lemma traced_symmetric_monoidal:
  "is_traced_symmetric_monoidal_category Obj RHom rel_cmp Id_on (ptimes pair) (rel_tensor pair) {one}
     (rel_assoc pair) (rel_lunit pair one) (rel_runit pair one) (rel_sym pair)
     (\<lambda>U X Y r. cart_trace pair U r)"
  unfolding is_traced_symmetric_monoidal_category_def
  apply (intro conjI ballI)
  subgoal by (rule symmetric_monoidal)
  subgoal by (rule cart_trace_RelHom)
  subgoal unfolding rel_cmp_def by (rule cart_trace_tightening)
  subgoal premises p unfolding rel_cmp_def
    by (rule cart_trace_sliding[OF RelHom_subset[OF ptimes_obj[OF p(3,1)] ptimes_obj[OF p(4,2)] p(5)]
          RelHom_subset[OF p(2,1,6)]])
  subgoal premises p unfolding rel_cmp_def
    by (rule cart_trace_vanishing_unit[OF RelHom_subset[OF ptimes_obj[OF p(1) one_obj] ptimes_obj[OF p(2) one_obj] p(3)]])
  subgoal premises p unfolding rel_cmp_def cinv_rel_assoc[OF p(4,1,2)]
    by (rule cart_trace_vanishing_tensor[OF RelHom_subset[OF ptimes_obj[OF p(3) ptimes_obj[OF p(1,2)]]
          ptimes_obj[OF p(4) ptimes_obj[OF p(1,2)]] p(5)]])
  subgoal premises p unfolding rel_cmp_def cinv_rel_assoc[OF p(4,3,1)]
    by (rule cart_trace_superposing[OF RelHom_subset[OF ptimes_obj[OF p(2,1)] ptimes_obj[OF p(3,1)] p(5)]])
  subgoal by (rule cart_trace_yanking)
  done

lemma graph_inj_on:
  assumes "X \<in> Obj" "Y \<in> Obj"
  shows "inj_on (graph X) (Mor X Y)"
proof (rule inj_onI)
  fix f g assume f: "f \<in> Mor X Y" and g: "g \<in> Mor X Y" and eq: "graph X f = graph X g"
  have "f x = g x" if "x \<in> X" for x
    using eq that unfolding graph_def by blast
  then show "f = g"
    using mor_PiE[OF assms f] mor_PiE[OF assms g] PiE_ext by metis
qed

lemma C_subcategory: "C_subcategory_of_RelC Obj Mor pair"
  unfolding C_subcategory_of_RelC_def
proof (intro conjI ballI)
  fix X Y f assume "X \<in> Obj" "Y \<in> Obj" "f \<in> Mor X Y"
  then show "graph X f \<in> RHom X Y"
    by (rule graph_RelHom)
next
  fix X show "graph X (\<lambda>x\<in>X. x) = Id_on X"
    unfolding graph_def by auto
next
  fix X Y Z f g assume "X \<in> Obj" "Y \<in> Obj" "f \<in> Mor X Y"
  then show "graph X (compose X g f) = rel_cmp (graph Y g) (graph X f)"
    unfolding graph_def rel_cmp_def using mor_apply by (auto simp: compose_eq relcomp_unfold)
qed (rule graph_inj_on)

lemma function_rel_graph:
  assumes "is_function_rel X Y r"
  obtains f where "f \<in> X \<rightarrow>\<^sub>E Y" "graph X f = r"
proof
  define f where "f = (\<lambda>x\<in>X. THE y. (x, y) \<in> r)"
  have sub: "r \<subseteq> X \<times> Y" and unique: "\<And>x. x \<in> X \<Longrightarrow> \<exists>!y. (x, y) \<in> r"
    using assms unfolding is_function_rel_def by auto
  have f: "(x, f x) \<in> r" if "x \<in> X" for x
    unfolding f_def using that theI'[OF unique] by simp
  then show "f \<in> X \<rightarrow>\<^sub>E Y"
    using sub by (auto simp: f_def)
  show "graph X f = r"
  proof (intro equalityI subsetI)
    fix xy assume "xy \<in> r"
    then obtain x y where "xy = (x, y)" "x \<in> X" "(x, y) \<in> r"
      using sub by blast
    moreover have "y = f x"
      using unique f calculation(2,3) by blast
    ultimately show "xy \<in> graph X f"
      unfolding graph_def by blast
  qed (use f in \<open>auto simp: graph_def\<close>)
qed

lemma function_RelHom_eq_graphs:
  assumes mor_iff: "\<forall>X\<in>Obj. \<forall>Y\<in>Obj. \<forall>f\<in>X \<rightarrow>\<^sub>E Y. f \<in> Mor X Y \<longleftrightarrow> is_C_relation Obj Mor pair X Y (graph X f)"
    and X: "X \<in> Obj" and Y: "Y \<in> Obj"
  shows "{r \<in> RHom X Y. is_function_rel X Y r} = graph X ` Mor X Y"
proof (intro equalityI subsetI)
  fix r assume "r \<in> {r \<in> RHom X Y. is_function_rel X Y r}"
  then have r: "r \<in> RHom X Y" and "is_function_rel X Y r"
    by auto
  from this(2) obtain f where f: "f \<in> X \<rightarrow>\<^sub>E Y" and graph_f: "graph X f = r"
    by (rule function_rel_graph)
  have "f \<in> Mor X Y"
    using mor_iff X Y f r graph_f unfolding RelHom_def by blast
  then show "r \<in> graph X ` Mor X Y"
    using graph_f by blast
next
  fix r assume "r \<in> graph X ` Mor X Y"
  then obtain f where f: "f \<in> Mor X Y" and r: "r = graph X f"
    by blast
  have "is_function_rel X Y (graph X f)"
    unfolding is_function_rel_def graph_def using mor_apply[OF X Y f] by auto
  then show "r \<in> {r \<in> RHom X Y. is_function_rel X Y r}"
    using graph_RelHom[OF X Y f] r by blast
qed

end

theorem theorem5p1:
  fixes Obj :: "'u set set"
    and Mor :: "'u set \<Rightarrow> 'u set \<Rightarrow> ('u \<Rightarrow> 'u) set"
    and pair :: "'u \<Rightarrow> 'u \<Rightarrow> 'u"
    and one :: 'u
  assumes "injective_pairing pair"
    and "concrete_category Obj Mor"
    and "set_products_are_products Obj Mor pair one"
    and "set_equalizers_are_equalizers Obj Mor"
    and "graphs_are_ranges Obj Mor pair"
  shows "is_traced_symmetric_monoidal_category Obj (RelHom Obj Mor pair) rel_cmp Id_on
           (ptimes pair) (rel_tensor pair) {one} (rel_assoc pair) (rel_lunit pair one)
           (rel_runit pair one) (rel_sym pair) (\<lambda>U X Y r. cart_trace pair U r)
         \<and> C_subcategory_of_RelC Obj Mor pair
         \<and> ((\<forall>X\<in>Obj. \<forall>Y\<in>Obj. \<forall>f\<in>X \<rightarrow>\<^sub>E Y.
                f \<in> Mor X Y \<longleftrightarrow> is_C_relation Obj Mor pair X Y (graph X f))
            \<longrightarrow> (\<forall>X\<in>Obj. \<forall>Y\<in>Obj.
                 {r \<in> RelHom Obj Mor pair X Y. is_function_rel X Y r} = graph X ` Mor X Y))"
proof -
  interpret concrete_finitely_complete Obj Mor pair one
    using assms(1-4) by unfold_locales
  show ?thesis
    using traced_symmetric_monoidal C_subcategory function_RelHom_eq_graphs by blast
qed

end
lemma factor_in_R_up_to_units:
  assumes x: "x \<in> R" and x_eq: "x = b * c"
  shows "\<exists>u v. unit_in UNIV u \<and> unit_in UNIV v \<and> b * u \<in> R \<and> c * v \<in> R
    \<and> x = (b * u) * (c * v)"
proof -
  have normalize_left: "\<exists>u v. unit_in UNIV u \<and> unit_in UNIV v \<and> b * u \<in> R \<and> c * v \<in> R
      \<and> b * c = (b * u) * (c * v)" if "b * c \<in> R" "b \<notin> M" for b c
  proof -
    \<comment> \<open>Scale \<open>b\<close> to residue 1 and move its residue onto \<open>c\<close>.\<close>
    obtain k where k: "unit_in UNIV k" "residue b * k = 1" "residue (b * k) = 1"
      using residue_inverseE[OF \<open>b \<notin> M\<close>] by blast
    have "residue (c * residue b) = residue (b * c)"
      by (simp add: residue_mult residue_of_K residue_in_K mult.commute)
    moreover have "b * c = (b * k) * (c * residue b)"
      using k(2) by (simp add: ac_simps)
    moreover have "unit_in UNIV (residue b)"
      using k(2) by (auto simp: unit_in_def)
    ultimately show ?thesis
      using that(1) k(1,3) subring_D by (metis mem_R_iff subring_one)
  qed
  consider "b \<notin> M" | "c \<notin> M" | "b \<in> M" "c \<in> M"
    by blast
  then show ?thesis
  proof cases
    case 1
    then show ?thesis
      using normalize_left x x_eq by blast
  next
    case 2
    then show ?thesis
      using normalize_left[of c b] x x_eq by (metis mult.commute)
  next
    case 3
    then show ?thesis
      using M_subset_R x_eq by (intro exI[of _ 1]) (auto simp: unit_in_one[OF subring_of_UNIV])
  qed
qed

lemma atom_in_R_imp_unit_or_atom:
  assumes x: "atom_in R x"
  shows "unit_in UNIV x \<or> atom_in UNIV x"
proof -
  have "unit_in UNIV b \<or> unit_in UNIV c" if x_eq: "x = b * c" for b c
  proof -
    have "x \<in> R"
      using x by (simp add: atom_in_def)
    then obtain u v where uv: "unit_in UNIV u" "unit_in UNIV v" "b * u \<in> R" "c * v \<in> R"
      "x = (b * u) * (c * v)"
      using factor_in_R_up_to_units x_eq by blast
    then have "unit_in R (b * u) \<or> unit_in R (c * v)"
      using x by (auto simp: atom_in_def)
    then show ?thesis
      using unit_in_imp_unit_in_UNIV unit_in_UNIV_mult_iff by metis
  qed
  then show ?thesis
    using x by (auto simp: atom_in_def)
qed

lemma atom_in_R_if_residue_one:
  assumes y: "atom_in UNIV y" and y1: "residue y = 1"
  shows "atom_in R y"
proof -
  have "unit_in R b \<or> unit_in R c" if "b \<in> R" "c \<in> R" "y = b * c" for b c
  proof -
    have "residue b * residue c = 1" "residue c * residue b = 1"
      using that(3) y1 by (simp_all add: residue_mult mult.commute)
    then have "unit_in D (residue b)" "unit_in D (residue c)"
      using that(1,2) unfolding mem_R_iff unit_in_def by blast+
    moreover have "unit_in UNIV b \<or> unit_in UNIV c"
      using y that(3) by (auto simp: atom_in_def)
    ultimately show ?thesis
      using that(1,2) by (auto simp: unit_in_R_iff)
  qed
  moreover have "y \<in> R"
    using y1 subring_D by (simp add: mem_R_iff subring_one)
  ultimately show ?thesis
    using y unit_in_imp_unit_in_UNIV by (auto simp: atom_in_def)
qed

lemma factorizable_in_UNIV_imp_residue_mult:
  assumes "factorizable_in UNIV t" "t \<notin> M"
  shows "\<exists>n. factorizable_in R n \<and> t = residue t * n"
  using assms
proof (induction rule: factorizable_in_induct)
  case (unit u)
  obtain k where k: "unit_in UNIV k" "residue u * k = 1" "residue (u * k) = 1"
    using residue_inverseE[OF unit.prems] by blast
  have "unit_in UNIV (u * k)"
    using unit.hyps k(1) unit_in_UNIV_mult_iff by blast
  then have "factorizable_in R (u * k)"
    using k(3)
    by (simp add: unit_in_R_if_residue_one factorizable_in_unit)
  moreover have "u = residue u * (u * k)"
    using k(2) by (simp add: ac_simps)
  ultimately show ?case
    by blast
next
  case (atom a q)
  have aM: "a \<notin> M" and qM: "q \<notin> M"
    using atom.prems mult_not_in_M_iff by auto
  obtain n where n: "factorizable_in R n" "q = residue q * n"
    using atom.IH qM by blast
  obtain k where k: "unit_in UNIV k" "residue a * k = 1" "residue (k * a) = 1"
    using residue_inverseE[OF aM] by (metis mult.commute)
  have "atom_in UNIV (k * a)"
    using atom_in_unit_mult[OF subring_of_UNIV atom.hyps(1) k(1)] .
  then have "factorizable_in R (k * a)"
    using k(3)
    using factorizable_in_atom[OF subring_R] atom_in_R_if_residue_one by blast
  then have "factorizable_in R ((k * a) * n)"
    using factorizable_in_mult[OF subring_R] n(1) by blast
  moreover have "a * q = residue (a * q) * ((k * a) * n)"
    using n(2) k(2) by (simp add: residue_mult ac_simps)
  ultimately show ?case
    by blast
qed
lemma ratio_bound_from_merge_bounds:
  fixes c P :: "'v \<Rightarrow> real"
  assumes finV: "finite V" and cardV: "card V \<ge> 2" and lam: "lam > 0"
    and c: "\<And>v. v \<in> V \<Longrightarrow> 0 \<le> c v" and P: "\<And>v. v \<in> V \<Longrightarrow> 0 \<le> P v"
    and total: "0 < sum c V"
    and merge: "\<And>a W. a \<in> W \<Longrightarrow> W \<subseteq> V \<Longrightarrow> 0 < sum c W \<Longrightarrow>
                  sum P (V - W) + P a + lam * (sum c W)^2 \<le> M"
  shows "13 * (sum P V + lam * (\<Sum>v\<in>V. (c v)^2)) \<le> 15 * M"
proof -
  obtain al be where al: "al \<in> V" and be: "be \<in> V" "be \<noteq> al"
    and al_max: "\<And>v. v \<in> V \<Longrightarrow> c v \<le> c al" and be_max: "\<And>v. v \<in> V - {al} \<Longrightarrow> c v \<le> c be"
    using finite_obtains_two_largest[OF finV cardV] by metis
  have c_al: "0 < c al"
  proof (rule ccontr)
    assume "\<not> 0 < c al"
    then have "sum c V \<le> 0" using al_max by (intro sum_nonpos) force
    then show False using total by simp
  qed
  note V_split = sum_remove_two[OF finV al be]
  have h1: "sum P V + lam * (c al)^2 \<le> M"
    using merge[of al "{al}"] al c_al sum.remove[OF finV al, of P] by simp
  have h2: "P al + lam * (sum c V)^2 \<le> M" using merge[of al V] al total by simp
  have h3: "sum P V - P al + lam * (c al + c be)^2 \<le> M"
    using merge[of be "{al, be}"] al be c_al c[OF be(1)] V_split[of P] by simp
  have h4: "P be + lam * (sum c V)^2 \<le> M" using merge[of be V] be total by simp
  obtain g where g: "0 \<le> g" "g \<le> c be" "g \<le> sum c (V - {al, be})"
    and h5: "sum P V - P al - P be + lam * (c al + c be + g)^2 \<le> M"
    and Q: "(\<Sum>v\<in>V - {al, be}. (c v)^2) \<le> g * sum c (V - {al, be})"
      "(\<Sum>v\<in>V - {al, be}. (c v)^2) \<le> g^2 + (sum c (V - {al, be}) - g)^2"
    using merge_bound_third_class[OF finV al be c P c_al _ merge] be_max by blast
  show ?thesis
    by (rule potts_ratio_from_five_bounds[OF lam h1 h2 h3 h4 h5])
      (use al_max be g Q in \<open>simp_all add: V_split\<close>)
qed

theorem theorem4:
  fixes n :: nat and V :: "'v set" and psi :: "nat \<Rightarrow> 'v \<Rightarrow> real" and lam :: real
    and ord :: "'v \<Rightarrow> nat \<Rightarrow> nat" and best :: "'v \<Rightarrow> nat \<Rightarrow> 'v"
    and vhat vstar :: "nat \<Rightarrow> 'v"
  assumes finV: "finite V" and cardV: "card V \<ge> 2"
    and nonneg: "\<forall>j\<in>{1..n}. \<forall>v\<in>V. psi j v \<ge> 0"
    and lam_pos: "lam > 0"
    and choices: "valid_choices n V psi ord best"
    and vhat_cand: "vhat \<in> alpha_pass_candidates n V ord best"
    and vhat_max: "\<forall>x\<in>alpha_pass_candidates n V ord best. objF n V psi lam x \<le> objF n V psi lam vhat"
    and vstar_in: "vstar \<in> assignments n V"
    and vstar_opt: "\<forall>x\<in>assignments n V. objF n V psi lam x \<le> objF n V psi lam vstar"
  shows "objF n V psi lam vhat \<ge> 13 / 15 * objF n V psi lam vstar"
proof -
  let ?c = "\<lambda>v. real (cnt n vstar v)" and ?P = "class_potential n psi vstar"
  have n: "n \<ge> 1" using vhat_cand by (auto simp: alpha_pass_candidates_def)
  note total = sum_cnt_assignment[OF finV vstar_in]
  have "13 * (sum ?P V + lam * (\<Sum>v\<in>V. (?c v)^2)) \<le> 15 * objF n V psi lam vhat"
  proof (rule ratio_bound_from_merge_bounds[OF finV cardV lam_pos])
    show "0 \<le> ?P v" if "v \<in> V" for v
      using nonneg that by (auto simp: class_potential_def intro: sum_nonneg)
    show "0 < sum ?c V" using n total by (simp flip: of_nat_sum)
    fix a W assume a: "a \<in> W" and W: "W \<subseteq> V" and pos: "0 < sum ?c W"
    let ?k = "\<Sum>v\<in>W. cnt n vstar v"
    have "?k \<le> n" using total sum_mono2[OF finV W, of "cnt n vstar"] by simp
    with pos a W have "objF n V psi lam (pass_assignment n ord best a ?k) \<le> objF n V psi lam vhat"
      using vhat_max pass_assignment_in_candidates[of a V ?k n ord best] by (auto simp flip: of_nat_sum)
    with objF_pass_assignment_ge_merged_classes[OF finV nonneg less_imp_le[OF lam_pos] choices vstar_in a W]
    show "sum ?P (V - W) + ?P a + lam * (sum ?c W)^2 \<le> objF n V psi lam vhat"
      by (rule order_trans)
  qed simp
  then show ?thesis using objF_eq_class_sums[OF finV vstar_in] by simp
qed
text \<open>
  Let \<open>n\<^sub>0 < \<dots> < n\<^sub>r\<^sub>-\<^sub>1\<close> be the degree sequence of \<open>\<lambda>\<close> and \<open>N = |\<lambda>|\<close>.
  Expanding the Wronskian by the Leibniz formula and keeping only the two top terms
  \<open>x\<^sup>n - n(n-1)/2 x\<^sup>n\<^sup>-\<^sup>2\<close> of each Hermite polynomial shows
  \<open>He\<^sub>\<lambda> = c D (x\<^sup>N - K/2 x\<^sup>N\<^sup>-\<^sup>2 + \<dots>)\<close>, where \<open>D = det (n\<^sub>j\<^sup>i\<^sup>\<down>)\<close> is a Vandermonde
  determinant in falling-factorial form and
  \<open>K = \<Sigma> n\<^sub>j(n\<^sub>j-1) - \<Sigma> i(i-1) - 2(r-1)(\<Sigma> n\<^sub>j - \<Sigma> i)\<close> (\<open>second_coeff_factor\<close>);
  the computation of the second coefficient reduces to determinants with two equal rows.
  Hence \<open>R\<^sub>\<lambda>\<close> has degree \<open>d = |\<lambda>| - |core|\<close>, which is even, and if \<open>d \<ge> 2\<close> its coefficient
  in degree \<open>d - 2\<close> is \<open>-K/2\<close> times its leading coefficient.

  If \<open>R\<^sub>\<mu>\<^sub>1 = R\<^sub>\<mu>\<^sub>2\<close> and the degree sequences differ only in their last entries \<open>a < b\<close>,
  then either \<open>d \<ge> 2\<close> and the equality of the two values of \<open>K\<close> reads
  \<open>(b - a)(a + b - 2r + 1) = 0\<close>, or \<open>d = 0\<close>, both partitions are 2-cores and their degree
  sets are closed under \<open>x \<mapsto> x - 2\<close>. Either way \<open>a = r - 1\<close> and \<open>b = r\<close>.
\<close>

section \<open>Falling factorials\<close>

definition falling :: "rat \<Rightarrow> nat \<Rightarrow> rat" where
  "falling t i = (\<Prod>k<i. t - of_nat k)"

lemma falling_0 [simp]: "falling t 0 = 1"
  by (simp add: falling_def)

lemma falling_Suc: "falling t (Suc i) = falling t i * (t - of_nat i)"
  by (simp add: falling_def)

lemma falling_of_nat_eq_0: "n < i \<Longrightarrow> falling (of_nat n) i = 0"
  unfolding falling_def by (rule prod_zero) (auto intro!: bexI[of _ n])

lemma falling_add_2: "falling t (i + 2) = falling t 2 * falling (t - 2) i"
proof (induction i)
  case 0
  then show ?case by (simp add: numeral_2_eq_2)
next
  case (Suc i)
  have "falling t (Suc i + 2) = falling t (i + 2) * (t - of_nat (i + 2))"
    by (metis add_Suc falling_Suc)
  also have "\<dots> = falling t 2 * falling (t - 2) i * (t - of_nat (i + 2))"
    by (simp only: Suc.IH)
  also have "\<dots> = falling t 2 * (falling (t - 2) i * (t - 2 - of_nat i))"
    by (simp add: algebra_simps)
  finally show ?case by (simp add: falling_Suc)
qed

lemma falling_add_2_recurrence:
  "falling t (i + 2) = (t * (t - 1) - of_nat i * (of_nat i - 1)) * falling t i
     - 2 * of_nat i * falling t (Suc i)"
  by (simp add: falling_Suc numeral_2_eq_2 algebra_simps)

definition falling_poly :: "nat \<Rightarrow> rat poly" where
  "falling_poly i = (\<Prod>k<i. [:- of_nat k, 1:])"

lemma poly_falling_poly: "poly (falling_poly i) t = falling t i"
  by (simp add: falling_poly_def falling_def poly_prod)

lemma degree_falling_poly: "degree (falling_poly i) = i"
  unfolding falling_poly_def by (subst degree_prod_eq_sum_degree) auto

lemma lead_coeff_falling_poly: "lead_coeff (falling_poly i) = 1"
  unfolding falling_poly_def by (simp add: lead_coeff_prod)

============

Output the material above exactly, but only from the line that carries "by (simp add: residue_mult residue_of_K" through the line that carries "then obtain u".

      by (simp add: residue_mult residue_of_K residue_in_K mult.commute)
    moreover have "b * c = (b * k) * (c * residue b)"
      using k(2) by (simp add: ac_simps)
    moreover have "unit_in UNIV (residue b)"
      using k(2) by (auto simp: unit_in_def)
    ultimately show ?thesis
      using that(1) k(1,3) subring_D by (metis mem_R_iff subring_one)
  qed
  consider "b \<notin> M" | "c \<notin> M" | "b \<in> M" "c \<in> M"
    by blast
  then show ?thesis
  proof cases
    case 1
    then show ?thesis
      using normalize_left x x_eq by blast
  next
    case 2
    then show ?thesis
      using normalize_left[of c b] x x_eq by (metis mult.commute)
  next
    case 3
    then show ?thesis
      using M_subset_R x_eq by (intro exI[of _ 1]) (auto simp: unit_in_one[OF subring_of_UNIV])
  qed
qed

lemma atom_in_R_imp_unit_or_atom:
  assumes x: "atom_in R x"
  shows "unit_in UNIV x \<or> atom_in UNIV x"
proof -
  have "unit_in UNIV b \<or> unit_in UNIV c" if x_eq: "x = b * c" for b c
  proof -
    have "x \<in> R"
      using x by (simp add: atom_in_def)
    then obtain u v where uv: "unit_in UNIV u" "unit_in UNIV v" "b * u \<in> R" "c * v \<in> R"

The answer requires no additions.